text \<open>The \<open>\<phi>\<close>-subsystem is a cascade of stable scalar equations
  \<open>\<phi>\<^sub>i' = - \<gamma>\<^sub>i \<phi>\<^sub>i + (\<phi>\<^sub>i\<^sub>+\<^sub>1 or \<mu>\<^sub>e)\<close>; going backwards from the last component, each
  input converges, hence so does each \<open>\<phi>\<^sub>i\<close>, and the limits are \<open>\<mu>\<^sub>e \<Gamma>\<close> by the defining
  equation \<open>A\<^sub>\<gamma> \<Gamma> + B = 0\<close>. The \<open>\<eta>\<close>-subsystem is the globally exponentially stable system
  \<open>\<eta>' = q \<eta> (\<mu>\<^sub>e \<Gamma>)\<close> perturbed by \<open>q \<eta> \<phi> - q \<eta> (\<mu>\<^sub>e \<Gamma>)\<close>, which tends to zero by
  Lipschitz continuity. Comparing \<open>\<eta>\<close> on windows of a fixed length \<open>T\<close> with the unperturbed
  solution started at the same point (it exists globally by a Picard iteration, and Gronwall
  bounds the deviation by a multiple of the perturbation), the distance to \<open>\<eta>\<^sub>e\<close> is at least
  halved on each window up to an error that vanishes with the perturbation, so \<open>\<eta> \<rightarrow> \<eta>\<^sub>e\<close>.
  The scalar equations of the cascade are a special case of the same converging-input
  converging-state argument.\<close>

lemma exp_weighted_norm_integral_le:
  fixes g :: "real \<Rightarrow> 'a::banach"
  assumes c: "c > 0" and u: "u \<ge> 0" and A: "A \<ge> 0" and B: "B \<ge> 0"
    and g: "g integrable_on {0..u}"
    and bound: "\<And>s. s \<in> {0..u} \<Longrightarrow> norm (g s) \<le> A + B * exp (c * s)"
  shows "exp (- c * u) * norm (integral {0..u} g) \<le> (A + B) / c"
proof -
  have "A * u + B * (exp (c * u) - 1) / c
      = (A * u + B * exp (c * u) / c) - (A * 0 + B * exp (c * 0) / c)"
    by (simp add: right_diff_distrib diff_divide_distrib)
  also have "((\<lambda>s. A + B * exp (c * s)) has_integral \<dots>) {0..u}"
    using u c by (intro fundamental_theorem_of_calculus)
      (auto simp flip: has_real_derivative_iff_has_vector_derivative intro!: derivative_eq_intros)
  finally have bound_integral:
    "((\<lambda>s. A + B * exp (c * s)) has_integral A * u + B * (exp (c * u) - 1) / c) {0..u}" .
  have "norm (integral {0..u} g) \<le> A * u + B * (exp (c * u) - 1) / c"
    using integral_norm_bound_integral[OF g has_integral_integrable[OF bound_integral] bound]
    by (simp add: integral_unique[OF bound_integral])
  then have "exp (- c * u) * norm (integral {0..u} g)
      \<le> exp (- c * u) * (A * u + B * (exp (c * u) - 1) / c)"
    by (simp add: mult_left_mono)
  also have "\<dots> = A * (exp (- c * u) * u) + B / c * (1 - exp (- c * u))"
  proof -
    have "exp (- c * u) * exp (c * u) = 1" by (simp add: exp_minus)
    then show ?thesis by (simp add: algebra_simps diff_divide_distrib)
  qed
  also have "\<dots> \<le> A * (1 / c) + B / c * 1"
  proof (intro add_mono mult_left_mono)
    have "c * u \<le> exp (c * u)" using exp_ge_add_one_self[of "c * u"] by linarith
    then show "exp (- c * u) * u \<le> 1 / c" using c by (simp add: exp_minus field_simps)
  qed (use A B c in auto)
  finally show ?thesis by (simp add: add_divide_distrib)
qed
(* For $r\ge1$, let $\mathbf{v}_r\in\mathrm{GF}(q^m)^r$ have rank $r\le m$, and let $\mathcal{L}_r=\langle\mathbf{v}_r\rangle^\perp$. Then the number $A_{r,r}$ of vectors in $\mathcal{L}_r$ of rank $r$ depends only on $r$ (not on the choice of $\mathbf{v}_r$) and satisfies $A_{r,r}=\alpha(m,r-1)-q^{r-1}A_{r-1,r-1}$, where $A_{0,0}=1$. Furthermore, the rank weight enumerator of $\mathcal{L}_r$ is $$W^{\mathrm{R}}_{\mathcal{L}_r}(x,y)=q^{-m}\Big\{\big[x+(q^m-1)y\big]^{[r]}+(q^m-1)(x-y)^{[r]}\Big\}.$$
   Context: $q$ is a prime power. For $\mathbf{x}\in\mathrm{GF}(q^m)^r$, $\mathrm{rk}(\mathbf{x})$ is the dimension over $\mathrm{GF}(q)$ of the $\mathrm{GF}(q)$-span of its coordinates in $\mathrm{GF}(q^m)$. $\langle\mathbf{v}\rangle=\{a\mathbf{v}:a\in\mathrm{GF}(q^m)\}$, $S^\perp=\{\mathbf{u}:\sum_iu_is_i=0\ \forall\mathbf{s}\in S\}$. $\alpha(m,0)=1$, $\alpha(m,u)=\prod_{i=0}^{u-1}(q^m-q^i)$. The rank weight enumerator of $\mathcal{C}\subseteq\mathrm{GF}(q^m)^r$ is $\sum_{\mathbf{c}\in\mathcal{C}}y^{\mathrm{rk}(\mathbf{c})}x^{r-\mathrm{rk}(\mathbf{c})}$. $q$-product: for homogeneous polynomials $a(x,y;m)=\sum_{i=0}^{d}a_i(m)y^ix^{d-i}$ and $b(x,y;m)=\sum_{j=0}^{e}b_j(m)y^jx^{e-j}$, with coefficients real functions of $m$ (zero outside the given ranges), $a*b=\sum_{u=0}^{d+e}c_u(m)y^ux^{d+e-u}$ with $c_u(m)=\sum_{i=0}^uq^{ie}a_i(m)b_{u-i}(m-i)$. $q$-powers: $a^{[0]}=1$, $a^{[l]}=a^{[l-1]}*a$. Here $x+(q^m-1)y$ has coefficients $1,q^m-1$ and $x-y$ has coefficients $1,-1$. *)

theory Defs
  imports "HOL-Algebra.Embedded_Algebras" "HOL-Algebra.FiniteProduct"
begin

text \<open>Vectors in GF(q^m)^r are lists of length r over the carrier of a finite field R;
  GF(q) is a subfield K of R with card K = q.\<close>

definition vecs :: "'a ring \<Rightarrow> nat \<Rightarrow> 'a list set" where
  "vecs R r = {u. length u = r \<and> set u \<subseteq> carrier R}"

definition rk :: "'a ring \<Rightarrow> 'a set \<Rightarrow> 'a list \<Rightarrow> nat" where
  "rk R K x = (THE n. ring.dimension R n K (ring.Span R K x))"

definition dotp :: "'a ring \<Rightarrow> 'a list \<Rightarrow> 'a list \<Rightarrow> 'a" where
  "dotp R u s = (\<Oplus>\<^bsub>R\<^esub>i\<in>{..<length u}. u ! i \<otimes>\<^bsub>R\<^esub> s ! i)"
lemma Zann_lower:
  assumes q: "q > 0" and \<gamma>: "\<gamma> > 0" and \<gamma>_q: "\<And>t. t \<in> {1..T} \<Longrightarrow> \<gamma> ^ t \<le> q"
    and subharmonic: "\<And>\<sigma>. \<sigma> \<in> {-1, 1} \<Longrightarrow> q * c \<sigma> \<le> (\<Sum>t\<in>{1..T}. kernel h t \<sigma>)"
  shows "\<exists>\<kappa>>0. \<forall>N\<ge>1. \<kappa> * \<gamma> ^ N \<le> Zann K \<epsilon> N \<beta> h"
proof -
  interpret Z: renewal_system "{-1, 1}" "Zann_at K \<epsilon> \<beta> h" "\<lambda>\<sigma>. exp (\<beta> * \<sigma> + h)" K "trans_prob \<epsilon>" "1 / 2"
    by (rule Zann_renewal_system)
  have "q * c \<sigma> \<le> Z.kernel_sum T c \<sigma>" if "\<sigma> \<in> {-1, 1}" for \<sigma>
    using subharmonic[OF that] unfolding Z.kernel_sum_def kernel_def .
  then obtain \<kappa> where \<kappa>: "\<kappa> > 0" and lower: "\<forall>N\<ge>1. \<forall>\<sigma>\<in>{-1, 1}. \<kappa> * \<gamma> ^ N * c \<sigma> \<le> Zann_at K \<epsilon> \<beta> h N \<sigma>"
    using Z.W_lower[of c q \<gamma> T, OF c_pos q \<gamma> \<gamma>_q] by blast
  have "\<kappa> * (c 1 + c (-1)) * \<gamma> ^ N \<le> Zann K \<epsilon> N \<beta> h" if "N \<ge> 1" for N
    using lower that unfolding Zann_split by (fastforce simp: algebra_simps)
  moreover have "\<kappa> * (c 1 + c (-1)) > 0" using \<kappa> c_pos[of 1] c_pos[of "-1"] by simp
  ultimately show ?thesis by blast
qed

lemma critical_growth_rate: "(\<lambda>N. ln (Zann K \<epsilon> N \<beta> (- ln \<rho>)) / real N) \<longlonglongrightarrow> 0"
proof -
  have critical: "exp (- ln \<rho>) * \<rho> = 1" using \<rho>_pos by (simp add: exp_minus)
  obtain U where U: "\<forall>N\<ge>1. Zann K \<epsilon> N \<beta> (- ln \<rho>) \<le> U"
    using Zann_bounded critical by fastforce
  show ?thesis
  proof (rule growth_rate_zero)
    fix q :: real assume q: "0 < q" "q < 1"
    then obtain T where "\<forall>\<sigma>\<in>{-1, 1}. q * c \<sigma> \<le> (\<Sum>t\<in>{1..T}. kernel (- ln \<rho>) t \<sigma>)"
      using kernel_partial_exceeds[of q "- ln \<rho>"] critical by auto
    moreover have "q ^ t \<le> q" if "t \<in> {1..T}" for t
      using power_decreasing[of 1 t q] q that by simp
    ultimately show "\<exists>\<kappa>>0. \<forall>N\<ge>1. \<kappa> * q ^ N \<le> Zann K \<epsilon> N \<beta> (- ln \<rho>)"
      using Zann_lower[of q q T] q by blast
  qed (use Zann_pos U in auto)
qed
(* Let $X$ be a metric directed multigraph whose strongly connected components all have different total lengths, and let $(X_n,n\in\mathbb{N})$ be metric directed multigraphs with $d_{\vec{\mathcal G}}(X_n,X)\to0$. Then the strongly connected components of $X_n$, listed in decreasing order of total length and viewed as metric directed multigraphs, converge (componentwise, for $d_{\vec{\mathcal G}}$) to those of $X$, listed in decreasing order of total length.
   Context: A metric directed multigraph (MDM) is $(V,E,r,\ell)$ with $V,E$ finite sets, $r=(r_1,r_2):E\to V\times V$ (tail, head), and $\ell:E\to(0,\infty)$; its total length is $\sum_e\ell(e)$. Strongly connected components are maximal sub-multigraphs in which any vertex can reach any other by a directed path; they are viewed as MDMs with the inherited edge lengths. $d_{\vec{\mathcal G}}(X,X')=\inf\sup_{e\in E}|\ell(e)-\ell'(g(e))|$, infimum over graph isomorphisms $(f,g)$ (bijections $f:V\to V'$, $g:E\to E'$ with $r'(g(e))=(f(r_1(e)),f(r_2(e)))$), and $+\infty$ if none exists. *)

theory Defs
  imports "HOL-Analysis.Analysis"
begin

record ('v, 'e) mdm =
  verts :: "'v set"
  arcs  :: "'e set"
  tail  :: "'e \<Rightarrow> 'v"
  head  :: "'e \<Rightarrow> 'v"
  len   :: "'e \<Rightarrow> real"

definition is_mdm :: "('v, 'e) mdm \<Rightarrow> bool" where
  "is_mdm X \<longleftrightarrow> finite (verts X) \<and> finite (arcs X) \<and>
     (\<forall>e\<in>arcs X. tail X e \<in> verts X \<and> head X e \<in> verts X \<and> len X e > 0)"

definition total_length :: "('v, 'e) mdm \<Rightarrow> real" where
  "total_length X = (\<Sum>e\<in>arcs X. len X e)"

• **Exercise description**
What lines of the material above hold the string "fastforce"? Please copy them.

• **Exercise solution**
    using lower that unfolding Zann_split by (fastforce simp: algebra_simps)
    using Zann_bounded critical by fastforce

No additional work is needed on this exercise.